(* Let $X$ be a closed subset of $\mathbb{R}^n$, let $p\in\mathbb{N}$, and let $f:X\to\mathbb{R}$. If $f$ is the restriction to $X$ of a function of class $\mathcal{C}^p$ on $\mathbb{R}^n$, then $\nabla^p f:\tau^p(X)\to\mathbb{R}$ (i.e. $\nabla^p f$ is the graph of a function on $\tau^p(X)$). Moreover, if $F\in\mathcal{C}^p(\mathbb{R}^n)$ and $F|X=f$, then for all $a\in X$ and all $\xi\in\tau^p_a(X)\subset\mathcal{P}_p^*$, $$\nabla^p f(\xi)=\xi(T^p_aF),$$ where $T^p_aF$ is the Taylor polynomial of order $p$ of $F$ at $a$.
   Context: Notation. $\mathbb{N}$ denotes the nonnegative integers; multiindex notation $\alpha\in\mathbb{N}^n$, $|\alpha|=\alpha_1+\dots+\alpha_n$, $\alpha!=\alpha_1!\cdots\alpha_n!$, $x^\alpha=x_1^{\alpha_1}\cdots x_n^{\alpha_n}$. $\mathcal{P}_p=\mathcal{P}_p(\mathbb{R}^n)$ is the real vector space of polynomial functions on $\mathbb{R}^n$ of degree at most $p$, $\mathcal{P}_p^*$ its dual, and $r=\dim\mathcal{P}_p$. For $\xi\in\mathcal{P}_p^*$, $b\in\mathbb{R}^n$ and $|\alpha|\le p$ put $\xi_\alpha(b):=\xi\big(\tfrac{1}{\alpha!}(x-b)^\alpha\big)$. For $a\in\mathbb{R}^n$, $\delta_a\in\mathcal{P}_p^*$ is $\delta_a(P)=P(a)$. A bundle over $X$ with fibres in a finite-dimensional real vector space $W$ is a subset $E\subset X\times W$ such that each fibre $E_a=\{w:(a,w)\in E\}$ is a linear subspace of $W$. Paratangent bundle of order $p$. For a bundle $E\subset X\times\mathcal{P}_p^*$ let $\Delta E=\{(a,b,\xi+\eta): a,b\in X,\ \xi\in E_a,\ \eta\in E_b,\ |a-b|^{p-|\alpha|}|\eta_\alpha(b)|\le 1\text{ for all }|\alpha|\le p\}$, let $E'=\{(a,\xi)\in X\times\mathcal{P}_p^*: (a,a,\xi)\in\overline{\Delta E}\}$ (closure in $X\times X\times\mathcal{P}_p^*$), and let $\rho(E)=\{(a,\xi):a\in X,\ \xi\in\operatorname{Span}E'_a\}$. Let $E_0=\{(a,\lambda\delta_a):a\in X,\lambda\in\mathbb{R}\}$. The bundles $\rho^i(E_0)$ coincide for all $i\ge 2r$, and $\tau^p(X):=\rho^{2r}(E_0)$, with fibres $\tau^p_a(X)\subset\mathcal{P}_p^*$. The bundle $\nabla^p f$. For a bundle $\Phi\subset X\times(\mathcal{P}_p^*\times\mathbb{R})$ let $\Delta\Phi=\{(a,b,\xi+\eta,\lambda+\mu): a,b\in X,\ (\xi,\lambda)\in\Phi_a,\ (\eta,\mu)\in\Phi_b,\ |a-b|^{p-|\alpha|}|\eta_\alpha(b)|\le1\text{ for all }|\alpha|\le p\}$, $\Phi'=\{(a,\xi,\lambda):(a,a,\xi,\lambda)\in\overline{\Delta\Phi}\}$, and $\rho(\Phi)=\{(a,v): v\in\operatorname{Span}\Phi'_a\}$. Let $\Phi_0=\{(a,\lambda\delta_a,\lambda f(a)):a\in X,\lambda\in\mathbb{R}\}$; the bundles $\rho^i(\Phi_0)$ coincide for $i\ge 2(r+1)$ and $\nabla^pf:=\rho^{2(r+1)}(\Phi_0)$. One has $\nabla^pf\subset\tau^p(X)\times\mathbb{R}$. "$\nabla^pf:\tau^p(X)\to\mathbb{R}$" means that for each $a\in X$ and $\xi\in\tau^p_a(X)$ there is exactly one $\lambda$ with $(a,\xi,\lambda)\in\nabla^pf$; this $\lambda$ is denoted $\nabla^pf(\xi)$. *)

theory Defs
  imports "HOL-Analysis.Analysis"
begin

definition mabs :: "('n::finite \<Rightarrow> nat) \<Rightarrow> nat" where
  "mabs \<alpha> = (\<Sum>i\<in>UNIV. \<alpha> i)"

definition mfact :: "('n::finite \<Rightarrow> nat) \<Rightarrow> real" where
  "mfact \<alpha> = (\<Prod>i\<in>UNIV. fact (\<alpha> i))"

definition mpow :: "(real^'n::finite) \<Rightarrow> ('n \<Rightarrow> nat) \<Rightarrow> real" where
  "mpow x \<alpha> = (\<Prod>i\<in>UNIV. (x $ i) ^ (\<alpha> i))"

definition midx :: "nat \<Rightarrow> ('n::finite \<Rightarrow> nat) set" where
  "midx p = {\<alpha>. mabs \<alpha> \<le> p}"

definition polys :: "nat \<Rightarrow> ((real^'n::finite) \<Rightarrow> real) set" where
  "polys p = {P. \<exists>c. \<forall>x. P x = (\<Sum>\<alpha>\<in>midx p. c \<alpha> * mpow x \<alpha>)}"

(* P_p^* : linear functionals on P_p, normalised to vanish outside P_p *)
definition dual :: "nat \<Rightarrow> (((real^'n::finite) \<Rightarrow> real) \<Rightarrow> real) set" where
  "dual p = {\<xi>. (\<forall>P\<in>polys p. \<forall>Q\<in>polys p. \<xi> (\<lambda>x. P x + Q x) = \<xi> P + \<xi> Q)
                \<and> (\<forall>P\<in>polys p. \<forall>c. \<xi> (\<lambda>x. c * P x) = c * \<xi> P)
                \<and> (\<forall>P. P \<notin> polys p \<longrightarrow> \<xi> P = 0)}"

definition xi_alpha :: "(((real^'n::finite) \<Rightarrow> real) \<Rightarrow> real) \<Rightarrow> ('n \<Rightarrow> nat) \<Rightarrow> (real^'n) \<Rightarrow> real" where
  "xi_alpha \<xi> \<alpha> b = \<xi> (\<lambda>x. mpow (x - b) \<alpha> / mfact \<alpha>)"

definition delta :: "nat \<Rightarrow> (real^'n::finite) \<Rightarrow> ((real^'n) \<Rightarrow> real) \<Rightarrow> real" where
  "delta p a = (\<lambda>P. if P \<in> polys p then P a else 0)"

(* coordinates of a functional in the monomial basis; gives P_p^* its (finite-dimensional) topology *)
definition coord :: "nat \<Rightarrow> (((real^'n::finite) \<Rightarrow> real) \<Rightarrow> real) \<Rightarrow> ('n \<Rightarrow> nat) \<Rightarrow> real" where
  "coord p \<xi> = (\<lambda>\<alpha>. if \<alpha> \<in> midx p then \<xi> (\<lambda>x. mpow x \<alpha>) else 0)"

definition lspan :: "(('a \<Rightarrow> real) \<Rightarrow> real) set \<Rightarrow> (('a \<Rightarrow> real) \<Rightarrow> real) set" where
  "lspan S = {(\<lambda>P. \<Sum>\<xi>\<in>T. c \<xi> * \<xi> P) | T c. finite T \<and> T \<subseteq> S}"

definition lspan2 :: "((('a \<Rightarrow> real) \<Rightarrow> real) \<times> real) set \<Rightarrow> ((('a \<Rightarrow> real) \<Rightarrow> real) \<times> real) set" where
  "lspan2 S = {((\<lambda>P. \<Sum>v\<in>T. c v * fst v P), (\<Sum>v\<in>T. c v * snd v)) | T c. finite T \<and> T \<subseteq> S}"

definition Delta_E :: "nat \<Rightarrow> (real^'n::finite) set \<Rightarrow> ((real^'n) \<times> (((real^'n) \<Rightarrow> real) \<Rightarrow> real)) set
     \<Rightarrow> ((real^'n) \<times> (real^'n) \<times> (((real^'n) \<Rightarrow> real) \<Rightarrow> real)) set" where
  "Delta_E p X E = {(a, b, (\<lambda>P. \<xi> P + \<eta> P)) | a b \<xi> \<eta>.
      a \<in> X \<and> b \<in> X \<and> (a, \<xi>) \<in> E \<and> (b, \<eta>) \<in> E \<and>
      (\<forall>\<alpha>\<in>midx p. norm (a - b) ^ (p - mabs \<alpha>) * \<bar>xi_alpha \<eta> \<alpha> b\<bar> \<le> 1)}"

EXERCISE BRIEF: Every line above in which the word "UNIV" occurs needs to be copied.

RESULT:
  "mabs \<alpha> = (\<Sum>i\<in>UNIV. \<alpha> i)"
  "mfact \<alpha> = (\<Prod>i\<in>UNIV. fact (\<alpha> i))"
  "mpow x \<alpha> = (\<Prod>i\<in>UNIV. (x $ i) ^ (\<alpha> i))"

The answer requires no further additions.